Problem description:
Read through the data and count the lines that contain the string "metis"; give only the result.

Information given:
>>>>
(* Let $[a,b]$ be a bounded interval, $n\ge2$ an integer, $h=(b-a)/n$, $x_k=a+kh$ ($0\le k\le n$), and let $X_n$ be the real vector space of maps $f:\{x_0,\ldots,x_n\}\to\mathbb R$. Let $s\ge0$, $\delta>0$, $0<c<1$, $M_0>0$, $C\ge0$, and let $N$ be a positive integer or $N=\infty$. For $1\le j\le N$ let $\theta_j:[a,b]\to[a,b]$ be Lipschitz with $\mathrm{Lip}(\theta_j)\le c$, let $\beta_j\in K_{M_0}\setminus\{0\}$, and let $C_j\in\mathbb R$ with $|C_j|\le C$. Define $\hat\beta_{j,s}\in X_n$ by $\hat\beta_{j,s}(x_k)=[1+\tfrac12C_jQ(\theta_j(x_k))][\beta_j(x_k)]^s$ and $L_{j,s}:X_n\to X_n$ by $(L_{j,s}f)(x_k)=\hat\beta_{j,s}(x_k)f^I(\theta_j(x_k))$. If $N=\infty$, assume there exists $k_0$ with $0\le k_0\le n$ such that $\sum_{j=1}^\infty\hat\beta_{j,s}(x_{k_0})<\infty$. Let $L_s=\sum_{j=1}^NL_{j,s}$. Assume $h\le1$, $Ch/4\le1$, and with $M_2=[sM_0+(1+h)/2]+\delta$ assume $\exp(-M_2h)\ge(1+c)/2$; let $M\in\mathbb R$ satisfy $\exp(Mh)\ge2$. Then $L_s(K_M\setminus\{0\})\subset K_{M-\delta}\setminus\{0\}$.
   Context: For $f\in X_n$, $f^I:[a,b]\to\mathbb R$ is its piecewise linear interpolant: $f^I(x)=\frac{x-x_j}{h}f(x_{j+1})+\frac{x_{j+1}-x}{h}f(x_j)$ for $x_j\le x\le x_{j+1}$. For $M>0$, $K_M=\{f\in X_n: f(x_{j+1})\le f(x_j)e^{Mh}\text{ and }f(x_j)\le f(x_{j+1})e^{Mh},\ 0\le j<n\}$. $Q:[a,b]\to[0,h^2/4]$ is $Q(u)=(x_{j+1}-u)(u-x_j)$ for $x_j\le u\le x_{j+1}$. *)

theory Defs
  imports "HOL-Analysis.Analysis" "HOL-Library.Extended_Nat"
begin

text \<open>Elements of X_n are represented by functions nat => real, where f k stands
  for f(x_k); only the values at k = 0..n matter.\<close>

definition step :: "real \<Rightarrow> real \<Rightarrow> nat \<Rightarrow> real" where
  "step a b n = (b - a) / real n"

definition grid :: "real \<Rightarrow> real \<Rightarrow> nat \<Rightarrow> nat \<Rightarrow> real" where
  "grid a b n k = a + real k * step a b n"

definition cell :: "real \<Rightarrow> real \<Rightarrow> nat \<Rightarrow> real \<Rightarrow> nat" where
  "cell a b n u = min (nat \<lfloor>(u - a) / step a b n\<rfloor>) (n - 1)"

definition interp :: "real \<Rightarrow> real \<Rightarrow> nat \<Rightarrow> (nat \<Rightarrow> real) \<Rightarrow> real \<Rightarrow> real" where
  "interp a b n f x =
    (let j = cell a b n x; h = step a b n in
      (x - grid a b n j) / h * f (Suc j) + (grid a b n (Suc j) - x) / h * f j)"

definition Qfun :: "real \<Rightarrow> real \<Rightarrow> nat \<Rightarrow> real \<Rightarrow> real" where
  "Qfun a b n u = (let j = cell a b n u in (grid a b n (Suc j) - u) * (u - grid a b n j))"

definition Kcone :: "real \<Rightarrow> real \<Rightarrow> nat \<Rightarrow> real \<Rightarrow> (nat \<Rightarrow> real) set" where
  "Kcone a b n M = {f. \<forall>j<n. f (Suc j) \<le> f j * exp (M * step a b n)
                          \<and> f j \<le> f (Suc j) * exp (M * step a b n)}"

definition nonzero_grid :: "nat \<Rightarrow> (nat \<Rightarrow> real) \<Rightarrow> bool" where
  "nonzero_grid n f \<longleftrightarrow> (\<exists>k\<le>n. f k \<noteq> 0)"

definition idx :: "enat \<Rightarrow> nat set" where
  "idx N = {j. 1 \<le> j \<and> enat j \<le> N}"

definition betahat :: "real \<Rightarrow> real \<Rightarrow> nat \<Rightarrow> real \<Rightarrow> (nat \<Rightarrow> real \<Rightarrow> real)
      \<Rightarrow> (nat \<Rightarrow> real) \<Rightarrow> (nat \<Rightarrow> nat \<Rightarrow> real) \<Rightarrow> nat \<Rightarrow> nat \<Rightarrow> real" where
  "betahat a b n s \<theta> Cc \<beta> j k =
     (1 + Cc j * Qfun a b n (\<theta> j (grid a b n k)) / 2) * (\<beta> j k) powr s"

definition Lop :: "real \<Rightarrow> real \<Rightarrow> nat \<Rightarrow> real \<Rightarrow> enat \<Rightarrow> (nat \<Rightarrow> real \<Rightarrow> real)
      \<Rightarrow> (nat \<Rightarrow> real) \<Rightarrow> (nat \<Rightarrow> nat \<Rightarrow> real) \<Rightarrow> (nat \<Rightarrow> real) \<Rightarrow> nat \<Rightarrow> real" where
  "Lop a b n s N \<theta> Cc \<beta> f k =
     (\<Sum>\<^sub>\<infinity>j\<in>idx N. betahat a b n s \<theta> Cc \<beta> j k * interp a b n f (\<theta> j (grid a b n k)))"

end

theory Submission
  imports Defs
begin

text \<open>A nonzero f \<in> K_M is positive on the grid, and membership in K_M says that neighbouring
  values differ by a factor of at most L = exp (M h). Fix adjacent grid points x_k, x_k'. In the
  j-th term of L_s f the weight \<beta>_j^s changes by at most exp (s M_0 h), because \<beta>_j \<in> K_M_0; the
  perturbation factor 1 + C_j Q / 2 changes by at most 1 / (1 - h/2), because \<bar>C_j Q / 2\<bar> \<le> h/2
  and Q \<ge> 0 gives the two values the same sign; and f^I \<circ> \<theta>_j changes by at most L (1 + c) / 2,
  because the two image points are at distance at most c h < h, so they lie in one cell or in two
  adjacent cells, on which the interpolant of f cannot vary more. The choice of M_2 makes the product
  of the first two factors with (1 + c) / 2 at most exp (-\<delta> h), so every term, and hence the
  sum, has neighbour ratio at most exp ((M - \<delta>) h). For N = \<infinity> the same bound on the weights
  carries summability from x_k0 to all grid points.\<close>

lemma step_pos: "a < b \<Longrightarrow> 1 \<le> n \<Longrightarrow> 0 < step a b n"
  by (simp add: step_def)

lemma grid_Suc: "grid a b n (Suc j) = grid a b n j + step a b n"
  by (simp add: grid_def algebra_simps)

lemma grid_mem_interval:
  assumes "a < b" "1 \<le> n" "k \<le> n"
  shows "grid a b n k \<in> {a..b}"
proof -
  have h: "0 < step a b n" using assms step_pos by blast
  have "real k * step a b n \<le> real n * step a b n" using assms h by (intro mult_right_mono) auto
  also have "\<dots> = b - a" using assms by (simp add: step_def)
  finally show ?thesis using h by (auto simp: grid_def)
qed

lemma cell_coordinate:
  assumes "a < b" "1 \<le> n" "u \<in> {a..b}"
  obtains j t where "j < n" "0 \<le> t" "t \<le> 1" "u = grid a b n j + t * step a b n"
    "interp a b n f u = (1 - t) * f j + t * f (Suc j)"
    "Qfun a b n u = t * (1 - t) * (step a b n)\<^sup>2"
proof -
  define h where "h = step a b n"
  have h: "0 < h" using assms step_pos h_def by blast
  define r where "r = (u - a) / h"
  define j where "j = cell a b n u"
  define t where "t = (u - grid a b n j) / h"
  have r0: "0 \<le> r" using assms h by (simp add: r_def)
  have j: "j = min (nat \<lfloor>r\<rfloor>) (n - 1)" by (simp add: j_def cell_def r_def h_def)
  have rh: "r * h = u - a" using h by (simp add: r_def)
  have "real j * h \<le> r * h" using j r0 h by (intro mult_right_mono) linarith+
  hence lower: "grid a b n j \<le> u" using rh by (simp add: grid_def h_def)
  have upper: "u \<le> grid a b n j + h"
  proof (cases "nat \<lfloor>r\<rfloor> \<le> n - 1")
    case True
    have "r * h \<le> (real (nat \<lfloor>r\<rfloor>) + 1) * h" using r0 h by (intro mult_right_mono) linarith+
    thus ?thesis using True j rh by (simp add: grid_def h_def algebra_simps)
  next
    case False
    \<comment> \<open>the clamp in \<open>cell\<close> puts u = b into the last cell\<close>
    hence "Suc j = n" using j assms by simp
    hence "grid a b n j + h = b" using assms grid_Suc[of a b n j]
      by (simp add: grid_def step_def h_def)
    thus ?thesis using assms by simp
  qed
  have u: "u = grid a b n j + t * h" using h by (simp add: t_def)
  show ?thesis
  proof
    show "j < n" using j assms by simp
    show "0 \<le> t" "t \<le> 1" using lower upper h by (simp_all add: t_def field_simps)
    show "u = grid a b n j + t * step a b n" using u h_def by simp
    show "interp a b n f u = (1 - t) * f j + t * f (Suc j)"
      using h by (simp add: interp_def Let_def j_def[symmetric] t_def grid_Suc h_def[symmetric]
          field_simps)
    show "Qfun a b n u = t * (1 - t) * (step a b n)\<^sup>2"
      unfolding Qfun_def Let_def j_def[symmetric] grid_Suc h_def[symmetric]
      using u h by (simp add: power2_eq_square algebra_simps)
  qed
qed

lemma Qfun_bounds:
  assumes "a < b" "1 \<le> n" "u \<in> {a..b}"
  shows "0 \<le> Qfun a b n u" "Qfun a b n u \<le> (step a b n)\<^sup>2 / 4"
proof -
  obtain t where t: "0 \<le> t" "t \<le> 1" and Q: "Qfun a b n u = t * (1 - t) * (step a b n)\<^sup>2"
    using cell_coordinate[OF assms] by metis
  show "0 \<le> Qfun a b n u" using t Q by simp
  have "t * (1 - t) \<le> 1 / 4" using zero_le_square[of "t - 1/2"] by (simp add: algebra_simps power2_eq_square)
  hence "t * (1 - t) * (step a b n)\<^sup>2 \<le> 1 / 4 * (step a b n)\<^sup>2" by (rule mult_right_mono) simp_all
  thus "Qfun a b n u \<le> (step a b n)\<^sup>2 / 4" using Q by simp
qed

lemma nonneg_of_mutual_bound:
  fixes x y L :: real
  assumes "x \<le> y * L" "y \<le> x * L" "1 < L"
  shows "0 \<le> x"
proof -
  have "y * L \<le> x * L * L" using assms by (intro mult_right_mono) auto
  hence "0 \<le> x * (L * L - 1)" using assms(1) by (simp add: algebra_simps)
  moreover have "1 < L * L" using assms(3) less_1_mult[of L L] by simp
  ultimately show ?thesis by (simp add: zero_le_mult_iff)
qed

lemma Kcone_adjacent:
  assumes "f \<in> Kcone a b n M" "k \<le> n" "k' \<le> n" "k' = Suc k \<or> k = Suc k'"
  shows "f k' \<le> f k * exp (M * step a b n)"
  using assms by (auto simp: Kcone_def)

lemma Kcone_pos:
  assumes f: "f \<in> Kcone a b n M" "nonzero_grid n f" and n: "1 \<le> n"
    and L: "1 < exp (M * step a b n)" and k: "k \<le> n"
  shows "0 < f k"
proof -
  have nonneg: "0 \<le> f i" if "i \<le> n" for i
  proof -
    obtain i' where i': "i' \<le> n" "i' = Suc i \<or> i = Suc i'"
    proof (cases "i < n")
      case True
      then show ?thesis using that[of "Suc i"] by simp
    next
      case False
      then show ?thesis using that[of "n - 1"] \<open>i \<le> n\<close> n by simp
    qed
    have "f i \<le> f i' * exp (M * step a b n)" "f i' \<le> f i * exp (M * step a b n)"
      using Kcone_adjacent[OF f(1) i'(1) \<open>i \<le> n\<close>] Kcone_adjacent[OF f(1) \<open>i \<le> n\<close> i'(1)] i'(2)
      by blast+
    then show ?thesis using L by (rule nonneg_of_mutual_bound)
  qed
  have zero_iff: "f i = 0 \<longleftrightarrow> f 0 = 0" if "i \<le> n" for i
    using that
  proof (induction i)
    case (Suc i)
    have "f (Suc i) \<le> f i * exp (M * step a b n)" "f i \<le> f (Suc i) * exp (M * step a b n)"
      using Kcone_adjacent[OF f(1), of i "Suc i"] Kcone_adjacent[OF f(1), of "Suc i" i] Suc.prems
      by simp_all
    moreover have "0 \<le> f i" "0 \<le> f (Suc i)" using nonneg Suc.prems by simp_all
    ultimately have "f (Suc i) = 0 \<longleftrightarrow> f i = 0" by (metis mult_zero_left order_antisym)
    thus ?case using Suc by simp
  qed simp
  have "f k \<noteq> 0" using f(2) zero_iff[OF k] zero_iff unfolding nonzero_grid_def by blast
  thus ?thesis using nonneg[OF k] by simp
qed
<<<<
Solution for this problem:
2